**SUPPLIED MATERIAL**
lemma nonsquarefree_in_class_count:
  fixes y N b r :: nat
  assumes y: "y \<ge> 1" and r: "r < 36" "\<not> 4 dvd r" "\<not> 9 dvd r" and bN: "b \<le> N"
  shows "real (card {n. b < n \<and> n \<le> b + N \<and> n mod 36 = r \<and> \<not> squarefree n})
     \<le> real N / 36 * (1 - 9 / pi^2) + real N / real y + 1
        + 2 ^ card {p. prime p \<and> 5 \<le> p \<and> p \<le> y} + sqrt (2 * real N)"
proof -
  define P where "P = {p. prime p \<and> 5 \<le> p \<and> p \<le> y}"
  define window where "window = {n::nat. real b < real n \<and> real n \<le> real (b + N) \<and> n mod 36 = r}"
  define sieved where
    "sieved = {n::nat. real b < real n \<and> real n \<le> real (b + N) \<and> n mod 36 = r \<and> (\<forall>p\<in>P. \<not> p^2 dvd n)}"
  define K where "K = nat \<lfloor>sqrt (real (b + N))\<rfloor>"
  define M where "M k = {n. b < n \<and> n \<le> b + N \<and> k^2 dvd n}" for k :: nat
  have fin_window: "finite window" unfolding window_def
    using finite_nat_le_real[of "real (b + N)" "\<lambda>n. real b < real n \<and> n mod 36 = r"]
    by (simp add: conj_commute conj_left_commute)
  have sieved_window: "sieved \<subseteq> window" unfolding sieved_def window_def by auto
  have "finite (M k)" for k unfolding M_def by (rule finite_subset[of _ "{..b + N}"]) auto
  have cover: "{n. b < n \<and> n \<le> b + N \<and> n mod 36 = r \<and> \<not> squarefree n}
      \<subseteq> (window - sieved) \<union> (\<Union>k\<in>{y<..K}. M k)"
  proof
    fix n assume "n \<in> {n. b < n \<and> n \<le> b + N \<and> n mod 36 = r \<and> \<not> squarefree n}"
    then have n: "b < n" "n \<le> b + N" "n mod 36 = r" "\<not> squarefree n" by auto
    have "\<not> 4 dvd n" "\<not> 9 dvd n" using r n(3) dvd_mod_iff[of 4 36 n] dvd_mod_iff[of 9 36 n] by auto
    then obtain p where p: "prime p" "5 \<le> p" "p^2 dvd n" using prime_square_divisor_ge5 n(4) by blast
    show "n \<in> (window - sieved) \<union> (\<Union>k\<in>{y<..K}. M k)"
    proof (cases "p \<le> y")
      case True
      then show ?thesis using n p unfolding window_def sieved_def P_def by auto
    next
      case False
      have "p^2 \<le> n" using p(3) n(1) by (simp add: dvd_imp_le)
      then have "real p ^ 2 \<le> real (b + N)" using n(2) by (simp flip: of_nat_power)
      then have "real p \<le> sqrt (real (b + N))" by (rule real_le_rsqrt)
      then have "p \<le> K" unfolding K_def by (simp add: le_nat_floor)
      then show ?thesis using False n p unfolding M_def by auto
    qed
  qed
  have "card {n. b < n \<and> n \<le> b + N \<and> n mod 36 = r \<and> \<not> squarefree n}
      \<le> card ((window - sieved) \<union> (\<Union>k\<in>{y<..K}. M k))"
    by (rule card_mono[OF _ cover]) (use fin_window \<open>\<And>k. finite (M k)\<close> in auto)
  also have "\<dots> \<le> card (window - sieved) + card (\<Union>k\<in>{y<..K}. M k)" by (rule card_Un_le)
  also have "card (\<Union>k\<in>{y<..K}. M k) \<le> (\<Sum>k\<in>{y<..K}. card (M k))" by (rule card_UN_le) simp
  finally have "real (card {n. b < n \<and> n \<le> b + N \<and> n mod 36 = r \<and> \<not> squarefree n})
      \<le> real (card (window - sieved)) + (\<Sum>k\<in>{y<..K}. real (card (M k)))"
    by (simp flip: of_nat_sum of_nat_add of_nat_le_iff)
  moreover have "real (card (window - sieved)) = real (card window) - real (card sieved)"
    using sieved_window fin_window by (simp add: card_Diff_subset finite_subset card_mono of_nat_diff)
  ultimately have total: "real (card {n. b < n \<and> n \<le> b + N \<and> n mod 36 = r \<and> \<not> squarefree n})
      \<le> real (card window) - real (card sieved) + (\<Sum>k\<in>{y<..K}. real (card (M k)))"
    by simp
  have "real (card window) \<le> real N / 36 + 1"
    using card_residue_class_interval[of "real b" "real (b + N)" r 36] r
    unfolding window_def by (simp add: abs_le_iff)
  moreover have "real (card sieved) \<ge> real N / 36 * (9 / pi^2) - 2 ^ card P"
    using sieved_class_lower_bound[OF r(1), of N y b] unfolding sieved_count_def sieved_def P_def .
  moreover have "(\<Sum>k\<in>{y<..K}. real (card (M k))) \<le> real N / real y + sqrt (2 * real N)"
    using square_multiples_beyond_count[OF y bN] unfolding M_def K_def .
  moreover have "real N / 36 * (1 - 9 / pi^2) = real N / 36 - real N / 36 * (9 / pi^2)"
    by (simp add: right_diff_distrib)
  ultimately show ?thesis using total unfolding P_def by linarith
qed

**WHAT NEEDS TO BE DONE**
Copy each entry above exactly, leaving nothing out.

**RESPONSE FOR THIS EXERCISE**
lemma nonsquarefree_in_class_count:
  fixes y N b r :: nat
  assumes y: "y \<ge> 1" and r: "r < 36" "\<not> 4 dvd r" "\<not> 9 dvd r" and bN: "b \<le> N"
  shows "real (card {n. b < n \<and> n \<le> b + N \<and> n mod 36 = r \<and> \<not> squarefree n})
     \<le> real N / 36 * (1 - 9 / pi^2) + real N / real y + 1
        + 2 ^ card {p. prime p \<and> 5 \<le> p \<and> p \<le> y} + sqrt (2 * real N)"
proof -
  define P where "P = {p. prime p \<and> 5 \<le> p \<and> p \<le> y}"
  define window where "window = {n::nat. real b < real n \<and> real n \<le> real (b + N) \<and> n mod 36 = r}"
  define sieved where
    "sieved = {n::nat. real b < real n \<and> real n \<le> real (b + N) \<and> n mod 36 = r \<and> (\<forall>p\<in>P. \<not> p^2 dvd n)}"
  define K where "K = nat \<lfloor>sqrt (real (b + N))\<rfloor>"
  define M where "M k = {n. b < n \<and> n \<le> b + N \<and> k^2 dvd n}" for k :: nat
  have fin_window: "finite window" unfolding window_def
    using finite_nat_le_real[of "real (b + N)" "\<lambda>n. real b < real n \<and> n mod 36 = r"]
    by (simp add: conj_commute conj_left_commute)
  have sieved_window: "sieved \<subseteq> window" unfolding sieved_def window_def by auto
  have "finite (M k)" for k unfolding M_def by (rule finite_subset[of _ "{..b + N}"]) auto
  have cover: "{n. b < n \<and> n \<le> b + N \<and> n mod 36 = r \<and> \<not> squarefree n}
      \<subseteq> (window - sieved) \<union> (\<Union>k\<in>{y<..K}. M k)"
  proof
    fix n assume "n \<in> {n. b < n \<and> n \<le> b + N \<and> n mod 36 = r \<and> \<not> squarefree n}"
    then have n: "b < n" "n \<le> b + N" "n mod 36 = r" "\<not> squarefree n" by auto
    have "\<not> 4 dvd n" "\<not> 9 dvd n" using r n(3) dvd_mod_iff[of 4 36 n] dvd_mod_iff[of 9 36 n] by auto
    then obtain p where p: "prime p" "5 \<le> p" "p^2 dvd n" using prime_square_divisor_ge5 n(4) by blast
    show "n \<in> (window - sieved) \<union> (\<Union>k\<in>{y<..K}. M k)"
    proof (cases "p \<le> y")
      case True
      then show ?thesis using n p unfolding window_def sieved_def P_def by auto
    next
      case False
      have "p^2 \<le> n" using p(3) n(1) by (simp add: dvd_imp_le)
      then have "real p ^ 2 \<le> real (b + N)" using n(2) by (simp flip: of_nat_power)
      then have "real p \<le> sqrt (real (b + N))" by (rule real_le_rsqrt)
      then have "p \<le> K" unfolding K_def by (simp add: le_nat_floor)
      then show ?thesis using False n p unfolding M_def by auto
    qed
  qed
  have "card {n. b < n \<and> n \<le> b + N \<and> n mod 36 = r \<and> \<not> squarefree n}
      \<le> card ((window - sieved) \<union> (\<Union>k\<in>{y<..K}. M k))"
    by (rule card_mono[OF _ cover]) (use fin_window \<open>\<And>k. finite (M k)\<close> in auto)
  also have "\<dots> \<le> card (window - sieved) + card (\<Union>k\<in>{y<..K}. M k)" by (rule card_Un_le)
  also have "card (\<Union>k\<in>{y<..K}. M k) \<le> (\<Sum>k\<in>{y<..K}. card (M k))" by (rule card_UN_le) simp
  finally have "real (card {n. b < n \<and> n \<le> b + N \<and> n mod 36 = r \<and> \<not> squarefree n})
      \<le> real (card (window - sieved)) + (\<Sum>k\<in>{y<..K}. real (card (M k)))"
    by (simp flip: of_nat_sum of_nat_add of_nat_le_iff)
  moreover have "real (card (window - sieved)) = real (card window) - real (card sieved)"
    using sieved_window fin_window by (simp add: card_Diff_subset finite_subset card_mono of_nat_diff)
  ultimately have total: "real (card {n. b < n \<and> n \<le> b + N \<and> n mod 36 = r \<and> \<not> squarefree n})
      \<le> real (card window) - real (card sieved) + (\<Sum>k\<in>{y<..K}. real (card (M k)))"
    by simp
  have "real (card window) \<le> real N / 36 + 1"
    using card_residue_class_interval[of "real b" "real (b + N)" r 36] r
    unfolding window_def by (simp add: abs_le_iff)
  moreover have "real (card sieved) \<ge> real N / 36 * (9 / pi^2) - 2 ^ card P"
    using sieved_class_lower_bound[OF r(1), of N y b] unfolding sieved_count_def sieved_def P_def .
  moreover have "(\<Sum>k\<in>{y<..K}. real (card (M k))) \<le> real N / real y + sqrt (2 * real N)"
    using square_multiples_beyond_count[OF y bN] unfolding M_def K_def .
  moreover have "real N / 36 * (1 - 9 / pi^2) = real N / 36 - real N / 36 * (9 / pi^2)"
    by (simp add: right_diff_distrib)
  ultimately show ?thesis using total unfolding P_def by linarith
qed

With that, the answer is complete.